Which lines below fall between the one containing "in sequentially. \<bar>\<nu>" and the one containing "g(2,3) g(2) _ r(2) \<delta>]) auto"? Repeat them exactly, counting both of those lines, and add nothing else.
(DATA TO USE Opens)
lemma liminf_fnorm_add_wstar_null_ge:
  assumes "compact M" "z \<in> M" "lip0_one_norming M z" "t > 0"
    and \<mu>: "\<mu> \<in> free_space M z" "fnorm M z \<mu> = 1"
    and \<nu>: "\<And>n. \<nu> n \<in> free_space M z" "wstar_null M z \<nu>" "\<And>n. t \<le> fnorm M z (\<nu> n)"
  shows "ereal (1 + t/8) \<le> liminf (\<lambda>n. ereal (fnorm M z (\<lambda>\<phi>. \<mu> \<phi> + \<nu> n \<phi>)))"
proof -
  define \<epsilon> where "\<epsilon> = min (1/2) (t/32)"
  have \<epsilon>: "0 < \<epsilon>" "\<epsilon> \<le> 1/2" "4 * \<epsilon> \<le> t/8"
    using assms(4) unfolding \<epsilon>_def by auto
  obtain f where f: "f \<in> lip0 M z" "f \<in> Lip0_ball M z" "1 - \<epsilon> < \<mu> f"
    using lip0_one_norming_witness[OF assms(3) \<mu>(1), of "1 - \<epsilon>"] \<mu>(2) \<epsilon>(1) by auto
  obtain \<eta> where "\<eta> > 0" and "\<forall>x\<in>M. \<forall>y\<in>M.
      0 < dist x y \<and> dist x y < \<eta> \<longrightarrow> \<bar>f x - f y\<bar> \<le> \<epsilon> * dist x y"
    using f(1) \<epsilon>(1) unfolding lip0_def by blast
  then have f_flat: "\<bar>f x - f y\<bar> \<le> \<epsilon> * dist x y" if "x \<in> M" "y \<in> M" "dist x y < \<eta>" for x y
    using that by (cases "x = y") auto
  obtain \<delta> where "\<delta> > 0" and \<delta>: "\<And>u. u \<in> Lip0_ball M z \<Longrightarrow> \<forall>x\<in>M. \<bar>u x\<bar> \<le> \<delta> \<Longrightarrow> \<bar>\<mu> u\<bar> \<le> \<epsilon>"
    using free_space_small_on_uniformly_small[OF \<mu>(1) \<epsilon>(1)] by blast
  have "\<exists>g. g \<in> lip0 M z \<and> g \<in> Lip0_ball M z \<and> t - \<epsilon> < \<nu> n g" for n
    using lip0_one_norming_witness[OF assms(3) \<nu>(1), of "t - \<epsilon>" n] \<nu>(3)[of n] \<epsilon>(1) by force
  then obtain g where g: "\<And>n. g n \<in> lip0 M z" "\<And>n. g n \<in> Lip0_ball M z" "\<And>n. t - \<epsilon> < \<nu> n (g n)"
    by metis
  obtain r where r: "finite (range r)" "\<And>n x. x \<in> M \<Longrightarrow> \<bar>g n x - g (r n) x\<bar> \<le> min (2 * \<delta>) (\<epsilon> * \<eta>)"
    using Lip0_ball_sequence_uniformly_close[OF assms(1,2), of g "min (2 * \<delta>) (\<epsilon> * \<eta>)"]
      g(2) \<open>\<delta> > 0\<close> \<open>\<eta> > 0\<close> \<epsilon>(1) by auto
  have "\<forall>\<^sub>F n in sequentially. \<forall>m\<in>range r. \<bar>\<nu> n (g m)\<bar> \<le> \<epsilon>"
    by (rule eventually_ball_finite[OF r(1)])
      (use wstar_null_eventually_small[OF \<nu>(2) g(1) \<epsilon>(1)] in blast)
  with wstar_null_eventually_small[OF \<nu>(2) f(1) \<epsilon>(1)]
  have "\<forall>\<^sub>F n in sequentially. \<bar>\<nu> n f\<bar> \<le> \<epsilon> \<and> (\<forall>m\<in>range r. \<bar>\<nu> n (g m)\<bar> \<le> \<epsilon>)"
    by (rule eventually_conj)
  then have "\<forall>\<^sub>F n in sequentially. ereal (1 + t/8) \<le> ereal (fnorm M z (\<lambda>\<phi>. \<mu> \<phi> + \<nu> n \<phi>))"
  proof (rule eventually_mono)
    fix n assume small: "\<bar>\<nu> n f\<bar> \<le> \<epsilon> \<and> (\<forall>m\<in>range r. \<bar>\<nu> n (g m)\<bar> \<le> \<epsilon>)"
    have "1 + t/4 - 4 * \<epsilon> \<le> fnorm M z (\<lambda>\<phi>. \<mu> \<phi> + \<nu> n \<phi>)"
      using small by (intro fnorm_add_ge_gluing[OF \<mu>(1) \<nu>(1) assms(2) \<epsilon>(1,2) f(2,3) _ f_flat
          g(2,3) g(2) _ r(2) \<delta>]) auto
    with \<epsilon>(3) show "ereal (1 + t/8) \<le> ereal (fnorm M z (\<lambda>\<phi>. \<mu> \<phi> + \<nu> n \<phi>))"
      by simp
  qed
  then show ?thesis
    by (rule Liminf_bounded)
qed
(DATA TO USE Closes)
**EXERCISE RESPONSE**
  have "\<forall>\<^sub>F n in sequentially. \<bar>\<nu> n f\<bar> \<le> \<epsilon> \<and> (\<forall>m\<in>range r. \<bar>\<nu> n (g m)\<bar> \<le> \<epsilon>)"
    by (rule eventually_conj)
  then have "\<forall>\<^sub>F n in sequentially. ereal (1 + t/8) \<le> ereal (fnorm M z (\<lambda>\<phi>. \<mu> \<phi> + \<nu> n \<phi>))"
  proof (rule eventually_mono)
    fix n assume small: "\<bar>\<nu> n f\<bar> \<le> \<epsilon> \<and> (\<forall>m\<in>range r. \<bar>\<nu> n (g m)\<bar> \<le> \<epsilon>)"
    have "1 + t/4 - 4 * \<epsilon> \<le> fnorm M z (\<lambda>\<phi>. \<mu> \<phi> + \<nu> n \<phi>)"
      using small by (intro fnorm_add_ge_gluing[OF \<mu>(1) \<nu>(1) assms(2) \<epsilon>(1,2) f(2,3) _ f_flat
          g(2,3) g(2) _ r(2) \<delta>]) auto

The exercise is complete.